§ The task
How many lines in this data contain the string "grad"? Reply with the number only.

[Collected data]
======

(* Under the standing assumptions below, if $\alpha>5/\sqrt8$, then the inclination angle $\eta(\sigma)=\sigma+\theta(\sigma)$ satisfies $\eta(\sigma)<\pi/2$ for all $\sigma\in(0,\pi/2)$.
   Context: $L^2=L^2(0,\pi/2)$ with norm $\|f\|=\big(\int_0^{\pi/2}|f|^2\big)^{1/2}$. The kernel is $K(s,\sigma)=\log\Big|\frac{\sin(s+\sigma)}{\sin(s-\sigma)}\Big|$ and $(Hw)(\sigma)=\frac1\pi\int_0^{\pi/2}K(s,\sigma)\,w(s)\,ds$. For $\alpha>0$, $\varPhi(\zeta)(\sigma)=\frac{3}{\alpha\pi}\,\frac{\sin(\sigma+\frac13(H\zeta)(\sigma))\cot\sigma}{\exp\int_0^\sigma\zeta\,ds}$, $\sigma\in(0,\pi/2]$. Standing assumptions: $\zeta_*\in L^2$ is a non-negative solution of $\zeta_*=\varPhi(\zeta_* )$ with $\|\zeta_*\|\leqslant\frac{9\sqrt\pi}2$ and $0\le\sigma+\frac13(H\zeta_* )(\sigma)\le\pi$ for $\sigma\in(0,\pi/2)$ (such a solution exists for these $\alpha$), and $\theta=\frac13H\zeta_*$. *)

theory Defs
  imports "HOL-Analysis.Analysis"
begin

text \<open>Functions on (0,pi/2) are represented as real => real functions; only their
values on [0,pi/2] matter. Integrals are Lebesgue integrals.\<close>

definition kernK :: "real \<Rightarrow> real \<Rightarrow> real" where
  "kernK s \<sigma> = ln \<bar>sin (s + \<sigma>) / sin (s - \<sigma>)\<bar>"
(* For any set $\Phi\cup\{\psi\}$ of $\mathsf{BSML}^{\oslash}$-formulas, if $\Phi\vdash\psi$ in the natural deduction system $\mathcal{S}^{\oslash}$ described below, then $\Phi\models\psi$.
   Context: Syntax: $\mathsf{BSML}^{\oslash}$-formulas $\phi ::= p \mid \neg\phi \mid (\phi\wedge\phi) \mid (\phi\vee\phi) \mid \Diamond\phi \mid \mathrm{NE}\mid\oslash\phi$. Classical formulas ($\alpha,\beta$): built from $p,\neg,\wedge,\vee,\Diamond$. $\Box\phi:=\neg\Diamond\neg\phi$; $\bot:=p\wedge\neg p$; $\bot\!\!\!\bot:=\bot\wedge\mathrm{NE}$. Semantics on Kripke models $M=(W,R,V)$, states $s\subseteq W$: $s\models p$ iff $s\subseteq V(p)$; $s\dashv p$ iff $s\cap V(p)=\emptyset$; $s\models\mathrm{NE}$ iff $s\ne\emptyset$; $s\dashv\mathrm{NE}$ iff $s=\emptyset$; $s\models\neg\phi$ iff $s\dashv\phi$; $s\dashv\neg\phi$ iff $s\models\phi$; $s\models\phi\wedge\psi$ iff both; $s\dashv\phi\wedge\psi$ iff $s=t\cup u$, $t\dashv\phi$, $u\dashv\psi$; $s\models\phi\vee\psi$ iff $s=t\cup u$, $t\models\phi$, $u\models\psi$; $s\dashv\phi\vee\psi$ iff $s\dashv\phi$ and $s\dashv\psi$; $s\models\Diamond\phi$ iff each $w\in s$ has a nonempty $t\subseteq R[w]$ with $t\models\phi$; $s\dashv\Diamond\phi$ iff $R[w]\dashv\phi$ for all $w\in s$; $s\models\oslash\phi$ iff $s\models\phi$ or $s=\emptyset$; $s\dashv\oslash\phi$ iff $s\dashv\phi$. $\Phi\models\psi$ iff every state supporting all of $\Phi$ supports $\psi$. An occurrence $[\psi]$ of a subformula in $\phi$ is called distributive if it is not within the scope of any $\neg$ or $\Diamond$ in $\phi$ (recall $\Box=\neg\Diamond\neg$); $\phi[\chi/\psi]$ denotes replacing that occurrence by $\chi$. System $\mathcal{S}^{\oslash}$ ($\Phi\vdash\psi$ iff some natural deduction derivation of $\psi$ has all undischarged assumptions in $\Phi$; "$A\Leftrightarrow B$" = both one-step rules): (a) $\wedge$I; $\wedge$E. (b) $\neg$I: from a derivation of $\bot$ from $\alpha$ infer $\neg\alpha$ discharging $\alpha$, provided its undischarged assumptions contain no $\mathrm{NE}$; from $\alpha,\neg\alpha$ infer $\beta$; $\neg\neg\phi\Leftrightarrow\phi$; $\neg(\phi\wedge\psi)\Leftrightarrow\neg\phi\vee\neg\psi$; $\neg(\phi\vee\psi)\Leftrightarrow\neg\phi\wedge\neg\psi$; $\neg\mathrm{NE}\Leftrightarrow\bot$. (c) from $\phi$ infer $\phi\vee\psi$ if $\psi$ contains no $\mathrm{NE}$; from $\phi$ infer $\phi\vee\phi$; from $\phi\vee\psi$ infer $\psi\vee\phi$; $\vee$E: from $\phi\vee\psi$ and derivations of $\chi$ from $\phi$ and from $\psi$ infer $\chi$ (discharging), provided the undischarged assumptions of the subderivations contain no $\mathrm{NE}$; from $\phi\vee\psi$ and a derivation of $\chi$ from $\psi$ whose undischarged assumptions contain no $\mathrm{NE}$ infer $\phi\vee\chi$. (d) from $\bot\vee\phi$ infer $\phi$; from $\bot\!\!\!\bot\vee\phi$ infer any $\psi$. (e) if $\psi$ derivable from $\phi$ alone, from $\Diamond\phi$ infer $\Diamond\psi$; if $\psi$ derivable from $\phi_1,\dots,\phi_n$ alone, from $\Box\phi_1,\dots,\Box\phi_n$ infer $\Box\psi$; $\neg\Diamond\phi\Leftrightarrow\Box\neg\phi$. (f) from $\Diamond(\phi\vee(\psi\wedge\mathrm{NE}))$ infer $\Diamond\psi$; from $\Diamond\phi,\Diamond\psi$ infer $\Diamond(\phi\vee\psi)$; from $\Box(\phi\wedge\mathrm{NE})$ infer $\Diamond\phi$; from $\Box\phi,\Diamond\psi$ infer $\Box(\phi\vee\psi)$. ($\oslash$) axiom $\oslash\mathrm{NE}$; from $\bot$ infer $\oslash\phi$; from $\phi$ infer $\oslash\phi$; $\oslash$E: for a distributive occurrence $[\oslash\psi]$ in $\phi$, from $\phi$, a derivation of $\chi$ from $\phi[\psi/\oslash\psi]$ and a derivation of $\chi$ from $\phi[\bot/\oslash\psi]$, infer $\chi$ (discharging); $\neg\oslash\phi\Leftrightarrow\neg\phi$; for a distributive occurrence $[\oslash\psi]$ in $\phi$: from $\Diamond\phi$ infer $\Diamond\phi[\psi/\oslash\psi]\vee\Diamond\phi[\bot/\oslash\psi]$, and from $\Box\phi$ infer $\Box\phi[\psi/\oslash\psi]\vee\Box\phi[\bot/\oslash\psi]$. *)

theory Defs
  imports Main
begin
lemma median_graph_Helly:
  assumes "median_graph V E" and "finite \<A>" and "\<A> \<noteq> {}" and "\<forall>A\<in>\<A>. gconvex V E A"
    and "\<forall>A\<in>\<A>. \<forall>B\<in>\<A>. A \<inter> B \<noteq> {}"
  shows "\<Inter>\<A> \<noteq> {}"
  using assms(2-5)
proof (induction "card \<A>" arbitrary: \<A> rule: less_induct)
  case less
  obtain A where A: "A \<in> \<A>" using less.prems by blast
  show ?case
  proof (cases "\<A> = {A}")
    case True
    then show ?thesis using less.prems(4) by simp
  next
    case False
    define \<A>' where "\<A>' = (\<lambda>B. A \<inter> B) ` (\<A> - {A})"
    have "card \<A>' \<le> card (\<A> - {A})"
      unfolding \<A>'_def using less.prems(1) by (simp add: card_image_le)
    also have "\<dots> < card \<A>" using card_Diff1_less[OF less.prems(1) A] .
    finally have "\<Inter>\<A>' \<noteq> {}"
    proof (rule less.hyps)
      show "finite \<A>'" "\<A>' \<noteq> {}"
        unfolding \<A>'_def using less.prems(1) False A by auto
      show "\<forall>C\<in>\<A>'. gconvex V E C"
        unfolding \<A>'_def using less.prems(3) A gconvex_Int by blast
      have "(A \<inter> B) \<inter> (A \<inter> C) \<noteq> {}" if "B \<in> \<A>" "C \<in> \<A>" for B C
        using median_graph_Helly3[OF assms(1), of A B C] less.prems(3,4) A that
        by (simp add: Int_assoc Int_left_commute)
      then show "\<forall>C\<in>\<A>'. \<forall>D\<in>\<A>'. C \<inter> D \<noteq> {}"
        unfolding \<A>'_def by blast
    qed
    moreover have "\<Inter>\<A>' \<subseteq> \<Inter>\<A>"
      unfolding \<A>'_def using False A by blast
    ultimately show ?thesis by blast
  qed
qed
lemma copy_free_image:
  assumes bij: "bij_betw \<phi> S T" and E: "\<forall>e\<in>E. e \<subseteq> S"
  shows "copy_free F ((`) \<phi> ` E) T \<longleftrightarrow> copy_free F E S"
proof -
  have inj: "inj_on \<phi> S" and T: "T = \<phi> ` S" using bij by (auto simp: bij_betw_def)
  have "copy_free F ((`) \<phi> ` E) T \<longleftrightarrow> (\<forall>U\<subseteq>S. \<not> induced_copy F ((`) \<phi> ` E) (\<phi> ` U))"
    unfolding copy_free_def T subset_image_iff by blast
  also have "\<dots> \<longleftrightarrow> copy_free F E S"
    unfolding copy_free_def using induced_copy_image[OF inj E] by blast
  finally show ?thesis .
qed

lemma expect_subset_copy_free:
  assumes S: "S \<subseteq> {0..<n}" "card S = k"
  shows "expect_subset p (r_sets r n) (\<lambda>E. of_bool (copy_free F E S))
           = gnp_prob r k p (free_family r F k)"
proof -
  have "finite S" using S(1) finite_subset by blast
  then obtain \<phi> where \<phi>: "bij_betw \<phi> S {0..<k}"
    using ex_bij_betw_finite_nat S(2) by blast
  have "r_sets r n \<inter> Pow S = nsets S r"
    using S(1) by (auto simp: r_sets_eq_nsets nsets_def)
  then have "expect_subset p (r_sets r n) (\<lambda>E. of_bool (copy_free F E S))
      = expect_subset p (nsets S r) (\<lambda>E. of_bool (copy_free F E S))"
    using expect_subset_Int[OF finite_r_sets depends_only_on_copy_free] by simp
  also have "\<dots> = expect_subset p (nsets S r) (\<lambda>E. of_bool ((`) \<phi> ` E \<in> free_family r F k))"
  proof (rule expect_subset_cong)
    fix E assume E: "E \<subseteq> nsets S r"
    then have "(`) \<phi> ` E \<subseteq> r_sets r k"
      using bij_betw_nsets[OF \<phi>, of r] by (auto simp: r_sets_eq_nsets bij_betw_def)
    moreover have "\<forall>e\<in>E. e \<subseteq> S" using E by (auto simp: nsets_def)
    ultimately show "of_bool (copy_free F E S) = of_bool ((`) \<phi> ` E \<in> free_family r F k)"
      using copy_free_image[OF \<phi>] by (simp add: free_family_def induced_copies_eq_empty_iff)
  qed
  also have "\<dots> = expect_subset p (r_sets r k) (\<lambda>E. of_bool (E \<in> free_family r F k))"
    using expect_subset_bij_image[OF bij_betw_nsets[OF \<phi>]] \<open>finite S\<close>
    by (simp add: r_sets_eq_nsets finite_imp_finite_nsets)
  finally show ?thesis by (simp add: gnp_prob_eq_expect_subset)
qed

section \<open>Counting k-sets\<close>

lemma card_nsets_supersets:
  assumes A: "finite A" and C: "C \<subseteq> A" "card C \<le> k"
  shows "card {S \<in> nsets A k. C \<subseteq> S} = (card A - card C) choose (k - card C)"
proof -
  have fin_C: "finite C" using A C(1) finite_subset by blast
  have "bij_betw (\<lambda>S. S - C) {S \<in> nsets A k. C \<subseteq> S} (nsets (A - C) (k - card C))"
  proof (rule bij_betw_byWitness[where f' = "\<lambda>T. T \<union> C"])
    show "(\<lambda>S. S - C) ` {S \<in> nsets A k. C \<subseteq> S} \<subseteq> nsets (A - C) (k - card C)"
      using fin_C by (auto simp: nsets_def card_Diff_subset)
    have "card (T \<union> C) = card T + card C" if "T \<subseteq> A - C" "finite T" for T
      using that fin_C by (intro card_Un_disjoint) auto
    then show "(\<lambda>T. T \<union> C) ` nsets (A - C) (k - card C) \<subseteq> {S \<in> nsets A k. C \<subseteq> S}"
      using fin_C C by (auto simp: nsets_def)
  qed (auto simp: nsets_def)
  then have "card {S \<in> nsets A k. C \<subseteq> S} = card (A - C) choose (k - card C)"
    by (simp add: bij_betw_same_card)
  then show ?thesis using C(1) fin_C by (simp add: card_Diff_subset)
qed
lemma GePUP_E_divg_heat_equation:
  assumes sol: "GePUP_E_solution \<Omega> n \<nu> lam g w u q t0"
    and \<Omega>: "open \<Omega>" and x: "x \<in> \<Omega>" and t: "t0 \<le> t"
  shows "((\<lambda>s. divg (\<lambda>y. w y s) x) has_real_derivative \<nu> * lap (\<lambda>y. divg (\<lambda>z. w z t) y) x) (at t)"
proof -
  obtain V where V: "open V" "closure \<Omega> \<times> {t0..} \<subseteq> V"
    and W: "Cinf_on V (\<lambda>p. w (fst p) (snd p))" and Q: "Cinf_on V (\<lambda>p. q (fst p) (snd p))"
    using GePUP_E_solution_smoothE[OF sol] by blast
  define S where "S = {y. (y, t) \<in> V}"
  have "(y, t) \<in> V" if "y \<in> closure \<Omega>" for y using V(2) t that by auto
  then have S: "open S" "\<Omega> \<subseteq> S"
    unfolding S_def using open_slice[OF V(1)] closure_subset by auto
  with x have xS: "x \<in> S" by blast
  have wt: "Cinf_on S (\<lambda>y. w y t)" and qt: "Cinf_on S (\<lambda>y. q y t)"
    using Cinf_on_slice[OF V(1) W, of t] Cinf_on_slice[OF V(1) Q, of t] unfolding S_def by simp_all
  define Wt where "Wt y = partial_dir (0, 1) (\<lambda>p. w (fst p) (snd p)) (y, t)" for y
  define G where "G y = g y t - conv (\<lambda>z. u z t) (\<lambda>z. u z t) y" for y
  have Wt: "Wt differentiable at x"
    unfolding Wt_def using xS unfolding S_def
    by (intro differentiable_slice Cinf_on_differentiable[OF Cinf_on_partial_dir[OF W Basis_prod_time]])
      simp
  have momentum: "Wt y = G y - grad (\<lambda>y. q y t) y + \<nu> *\<^sub>R vlap (\<lambda>y. w y t) y" if "y \<in> \<Omega>" for y
  proof -
    have "((\<lambda>s. w y s) has_vector_derivative Wt y) (at t)"
      using has_vector_derivative_time[OF Cinf_on_differentiable[OF W], of y t] S that
      unfolding Wt_def S_def by auto
    then have "vector_derivative (\<lambda>s. w y s) (at t) = Wt y" by (rule vector_derivative_at)
    moreover have "vector_derivative (\<lambda>s. w y s) (at t)
        = G y - grad (\<lambda>y. q y t) y + \<nu> *\<^sub>R vlap (\<lambda>y. w y t) y"
      using sol that t unfolding GePUP_E_solution_def G_def by blast
    ultimately show ?thesis by simp
  qed
  have "((\<lambda>s. divg (\<lambda>y. w y s) x) has_real_derivative divg Wt x) (at t)"
    using has_real_derivative_divg_slice[OF V(1) W, of x t] V(2) x t closure_subset
    unfolding Wt_def by auto
  also have "divg Wt x = divg (\<lambda>y. G y - grad (\<lambda>y. q y t) y + \<nu> *\<^sub>R vlap (\<lambda>y. w y t) y) x"
    by (rule divg_cong[OF \<Omega> x]) (simp add: momentum)
  also have "\<dots> = \<nu> * lap (divg (\<lambda>y. w y t)) x"
  proof (rule divg_momentum_rhs[OF S(1) xS qt wt])
    show "(\<lambda>y. G y - grad (\<lambda>y. q y t) y + \<nu> *\<^sub>R vlap (\<lambda>y. w y t) y) differentiable at x"
      by (rule differentiable_cong_open[OF Wt \<Omega> x]) (simp add: momentum)
    show "lap (\<lambda>y. q y t) x = divg G x"
      using sol x t unfolding GePUP_E_solution_def G_def[abs_def] by blast
  qed
  finally show ?thesis .
qed

lemma GePUP_E_divg_eq_0:
  assumes sol: "GePUP_E_solution \<Omega> n \<nu> lam g w u q t0"
    and \<Omega>: "open \<Omega>" "bounded \<Omega>" and \<nu>: "\<nu> \<ge> 0" and x: "x \<in> \<Omega>" and t: "t0 \<le> t"
  shows "divg (\<lambda>y. w y t) x = 0"
proof (rule heat_equation_eq_0_if_zero_data[where \<Phi> = "\<lambda>x t. divg (\<lambda>y. w y t) x", OF \<Omega> \<nu> _ _ _ _ _ x t])
  obtain V where V: "open V" "closure \<Omega> \<times> {t0..} \<subseteq> V" and W: "Cinf_on V (\<lambda>p. w (fst p) (snd p))"
    using GePUP_E_solution_smoothE[OF sol] by metis
  have "continuous_on (closure \<Omega> \<times> {t0..}) (space_divg (\<lambda>p. w (fst p) (snd p)))"
    by (rule continuous_on_subset[OF Cinf_on_continuous_on[OF Cinf_on_space_divg[OF V(1) W]] V(2)])
  then show "continuous_on (closure \<Omega> \<times> {t0..}) (\<lambda>(x, t). divg (\<lambda>y. w y t) x)"
    using V(2) divg_slice_eq_space_divg[OF Cinf_on_differentiable[OF W]]
    by (elim continuous_on_eq) auto
  show "divg (\<lambda>y. w y t) x = 0" if "x \<in> frontier \<Omega>" "t0 \<le> t" for x t
    using sol that unfolding GePUP_E_solution_def by blast
  show "divg (\<lambda>y. w y t0) x = 0" if x: "x \<in> \<Omega>" for x
  proof -
    have leray: "is_leray_proj \<Omega> n (\<lambda>y. w y t0) (\<lambda>y. u y t0)"
      and initial: "\<forall>x\<in>closure \<Omega>. w x t0 = u x t0"
      using sol unfolding GePUP_E_solution_def by blast+
    have "(x, t0) \<in> V" using V(2) x closure_subset[of \<Omega>] by fastforce
    then have w: "(\<lambda>y. w y t0) differentiable at x"
      using differentiable_slice[OF Cinf_on_differentiable[OF W]] by simp
    have "divg (\<lambda>y. w y t0) x = divg (\<lambda>y. u y t0) x"
      by (rule divg_cong[OF \<Omega>(1) x]) (use initial closure_subset in blast)
    also have "\<dots> = 0" by (rule divg_eq_0_if_is_leray_proj[OF leray \<Omega>(1) x w])
    finally show ?thesis .
  qed
  show "Ck_on 2 \<Omega> (\<lambda>x. divg (\<lambda>y. w y t) x)" if "t0 < t" for t
  proof (rule Cinf_on_imp_Ck_on)
    show "Cinf_on {y. (y, t) \<in> V} (divg (\<lambda>y. w y t))"
      using Cinf_on_divg[OF open_slice[OF V(1)] Cinf_on_slice[OF V(1) W]] by simp
    show "\<Omega> \<subseteq> {y. (y, t) \<in> V}" using V(2) that closure_subset[of \<Omega>] by fastforce
  qed
  show "((\<lambda>s. divg (\<lambda>y. w y s) x) has_real_derivative \<nu> * lap (\<lambda>y. divg (\<lambda>z. w z t) y) x) (at t)"
    if "x \<in> \<Omega>" "t0 < t" for x t
    using GePUP_E_divg_heat_equation[OF sol \<Omega>(1)] that by simp
qed
(* Let $k=1$, $\gamma>0$, $\delta>1$, and $Z=\{(\tau,s)\in\mathcal C:g(\tau,s)=0\}$. (a) If $1<\delta<\Phi$ and $\gamma>M_{\mathcal F}(\delta)/2$, then $Z\cap(\{\tau\}\times S^1)$ has exactly two points for every $\tau\in(0,1)$ and is the single point $(1,3\pi/2)$ for $\tau=1$; moreover all points of $Z\cap(\{\tau\}\times S^1)$ converge to $s=3\pi/2$ as $\tau\to0^+$ (so $Z$ closes up to a contractible closed curve with "fold points" at $\tau=0$ and $\tau=1$). (b) If $1<\delta<\Phi$ and $0<\gamma<M_{\mathcal F}(\delta)/2$, then there are $0<a<b<1$ such that $Z\cap(\{\tau\}\times S^1)$ has exactly two points for $\tau\in(0,a)\cup(b,1)$, is the single point $(\tau,\pi/2)$ for $\tau\in\{a,b\}$, is empty for $\tau\in(a,b)$, and is the single point $(1,3\pi/2)$ for $\tau=1$; $(a,\pi/2)$ is a subcritical and $(b,\pi/2)$ a supercritical fold point, and the points of $Z\cap(\{\tau\}\times S^1)$ converge to $s=3\pi/2$ as $\tau\to0^+$. (c) If $\delta>\Phi$, then there is $\tau_0\in(0,1)$ such that $Z\cap(\{\tau\}\times S^1)$ is empty for $\tau<\tau_0$, is the single point $(\tau_0,\pi/2)$ for $\tau=\tau_0$, has exactly two points for $\tau\in(\tau_0,1)$, and is the single point $(1,3\pi/2)$ for $\tau=1$; $(\tau_0,\pi/2)$ is a supercritical fold point and $(1,3\pi/2)$ is a fold point.
   Context: Let $S^1=\mathbb R/2\pi\mathbb Z$ and $\mathcal C=\{(\tau,s):0<\tau\le1,\ s\in S^1\}$. Let $p(\delta)=-\delta^2+\delta+1$, $\Phi=(1+\sqrt5)/2$. For parameters $\delta>1$, $\gamma>0$, $k>0$ define $g:\mathcal C\to\mathbb R$, $g(\tau,s)=\tau^{\delta^2}+\gamma\tau^{\delta^2-\delta}(1+k\sin s)-\tau$; thus $g(\tau,s)=0$ iff $\gamma(1+k\sin s)=\mathcal F_\delta(\tau)$, where $\mathcal F_\delta(\tau)=\tau^{p(\delta)}-\tau^\delta$. For $1<\delta<\Phi$, $M_{\mathcal F}(\delta)=\max_{(0,1]}\mathcal F_\delta>0$. A fold point is a point $(\tau_0,s_0)\in\mathcal C$ with $g(\tau_0,s_0)=0$ and $\partial g/\partial s(\tau_0,s_0)=0$. It is supercritical if there is a neighbourhood $U$ of $(\tau_0,s_0)$ such that for $\tau>\tau_0$ close to $\tau_0$ the set $\{s:(\tau,s)\in U,\ g(\tau,s)=0\}$ has exactly two elements, for $\tau=\tau_0$ exactly one, and for $\tau<\tau_0$ close to $\tau_0$ none; subcritical if the same holds with the roles of $\tau>\tau_0$ and $\tau<\tau_0$ interchanged. *)

theory Defs
  imports "HOL-Analysis.Analysis"
begin

text \<open>Points of S^1 = R/2piZ are represented by real numbers; a fibre of the zero
set over tau is represented by its representatives in [0, 2pi).\<close>

definition p_exp :: "real \<Rightarrow> real" where
  "p_exp \<delta> = 1 + \<delta> - \<delta> ^ 2"

definition Phi :: real where
  "Phi = (1 + sqrt 5) / 2"

definition F_fun :: "real \<Rightarrow> real \<Rightarrow> real" where
  "F_fun \<delta> \<tau> = \<tau> powr (p_exp \<delta>) - \<tau> powr \<delta>"

definition M_F :: "real \<Rightarrow> real" where
  "M_F \<delta> = (SUP \<tau>\<in>{0<..1}. F_fun \<delta> \<tau>)"

definition g_fun :: "real \<Rightarrow> real \<Rightarrow> real \<Rightarrow> real \<Rightarrow> real \<Rightarrow> real" where
  "g_fun \<delta> \<gamma> k \<tau> s =
     \<tau> powr (\<delta> ^ 2) + \<gamma> * \<tau> powr (\<delta> ^ 2 - \<delta>) * (1 + k * sin s) - \<tau>"

definition fibre :: "real \<Rightarrow> real \<Rightarrow> real \<Rightarrow> real \<Rightarrow> real set" where
  "fibre \<delta> \<gamma> k \<tau> = {s \<in> {0..<2*pi}. 0 < \<tau> \<and> \<tau> \<le> 1 \<and> g_fun \<delta> \<gamma> k \<tau> s = 0}"

definition fold_point :: "real \<Rightarrow> real \<Rightarrow> real \<Rightarrow> real \<Rightarrow> real \<Rightarrow> bool" where
  "fold_point \<delta> \<gamma> k \<tau>0 s0 \<longleftrightarrow>
     0 < \<tau>0 \<and> \<tau>0 \<le> 1 \<and> g_fun \<delta> \<gamma> k \<tau>0 s0 = 0 \<and>
     deriv (\<lambda>s. g_fun \<delta> \<gamma> k \<tau>0 s) s0 = 0"

text \<open>Zeros of g in a neighbourhood U (a lift to R x R of a neighbourhood in the
cylinder; it is required to have s-width less than 2pi so that it projects injectively).\<close>
definition local_zeros :: "real \<Rightarrow> real \<Rightarrow> real \<Rightarrow> (real \<times> real) set \<Rightarrow> real \<Rightarrow> real set" where
  "local_zeros \<delta> \<gamma> k U \<tau> = {s. (\<tau>, s) \<in> U \<and> 0 < \<tau> \<and> \<tau> \<le> 1 \<and> g_fun \<delta> \<gamma> k \<tau> s = 0}"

======

§ Result of the exercise
4